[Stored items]
lemma kantorovich_quadratic_form:
  fixes a b P S c \<alpha> \<beta> :: real
  assumes b: "0 < b" and ab: "b \<le> a" and \<beta>: "0 \<le> \<beta>"
    and low: "\<And>s t. b * (s\<^sup>2 * \<alpha> + t\<^sup>2 * \<beta>) \<le> s\<^sup>2 * P + 2 * s * t * c + t\<^sup>2 * S"
    and up: "\<And>s t. s\<^sup>2 * P + 2 * s * t * c + t\<^sup>2 * S \<le> a * (s\<^sup>2 * \<alpha> + t\<^sup>2 * \<beta>)"
  shows "4 * a * b * P \<le> (a + b)\<^sup>2 * (P + 2 * c + S)"
proof (cases "a = b")
  case True
  have "P + b * \<beta> \<le> P + 2 * c + S"
    using low[of 1 1] up[of 1 0] True by (simp add: distrib_left)
  then have "0 \<le> 2 * c + S" using b \<beta> by (smt (verit) mult_nonneg_nonneg)
  then have "0 \<le> 4 * b\<^sup>2 * (2 * c + S)" by simp
  also have "\<dots> = (a + b)\<^sup>2 * (P + 2 * c + S) - 4 * a * b * P"
    using True by (simp add: power2_eq_square algebra_simps)
  finally show ?thesis by simp
next
  case False
  then have "0 < a - b" using ab by simp
  have "0 \<le> (a - b)\<^sup>2 * P + 2 * (a - b) * (a + b) * c + (a + b)\<^sup>2 * S
      - b * ((a - b)\<^sup>2 * \<alpha> + (a + b)\<^sup>2 * \<beta>)"
    using low[of "a - b" "a + b"] by linarith
  moreover have "0 \<le> a * ((a - b)\<^sup>2 * \<alpha> + (a + b)\<^sup>2 * \<beta>)
      - ((a - b)\<^sup>2 * P - 2 * (a - b) * (a + b) * c + (a + b)\<^sup>2 * S)"
    using up[of "a - b" "- (a + b)", unfolded power2_minus] by (simp add: algebra_simps)
  ultimately have "0 \<le> a * ((a - b)\<^sup>2 * P + 2 * (a - b) * (a + b) * c + (a + b)\<^sup>2 * S
              - b * ((a - b)\<^sup>2 * \<alpha> + (a + b)\<^sup>2 * \<beta>))
          + b * (a * ((a - b)\<^sup>2 * \<alpha> + (a + b)\<^sup>2 * \<beta>)
              - ((a - b)\<^sup>2 * P - 2 * (a - b) * (a + b) * c + (a + b)\<^sup>2 * S))"
    using b ab by (intro add_nonneg_nonneg mult_nonneg_nonneg) auto
  also have "\<dots> = (a - b) * ((a + b)\<^sup>2 * (P + 2 * c + S) - 4 * a * b * P)"
    by (simp add: power2_eq_square algebra_simps)
  finally show ?thesis using \<open>0 < a - b\<close> by (simp add: zero_le_mult_iff)
qed

lemma orthogonal_projection_orthogonal:
  fixes E :: "complex mat"
  assumes E: "E \<in> carrier_mat n n" and hE: "mat_adjoint E = E" and EE: "E * E = E"
    and x: "x \<in> carrier_vec n"
  shows "conjugate (E *\<^sub>v x) \<bullet> (x - E *\<^sub>v x) = 0"
proof -
  have Ex: "E *\<^sub>v x \<in> carrier_vec n" using E x by simp
  have "E *\<^sub>v (E *\<^sub>v x) = E *\<^sub>v x"
    using assoc_mult_mat_vec[OF E E x] EE by simp
  then have "conjugate (E *\<^sub>v x) \<bullet> (E *\<^sub>v x) = conjugate (E *\<^sub>v x) \<bullet> x"
    using cscalar_prod_adjoint[OF E x Ex] cscalar_prod_adjoint[OF E x x] hE by simp
  then show ?thesis using Ex x by (simp add: scalar_prod_minus_distrib[of _ n])
qed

▶ _ABOUT THIS TASK_: Pick out all lines from the data above in which the word "thesis" appears.

▶ _SOLUTION FOR THIS TASK_:
  finally show ?thesis by simp
  finally show ?thesis using \<open>0 < a - b\<close> by (simp add: zero_le_mult_iff)
  then show ?thesis using Ex x by (simp add: scalar_prod_minus_distrib[of _ n])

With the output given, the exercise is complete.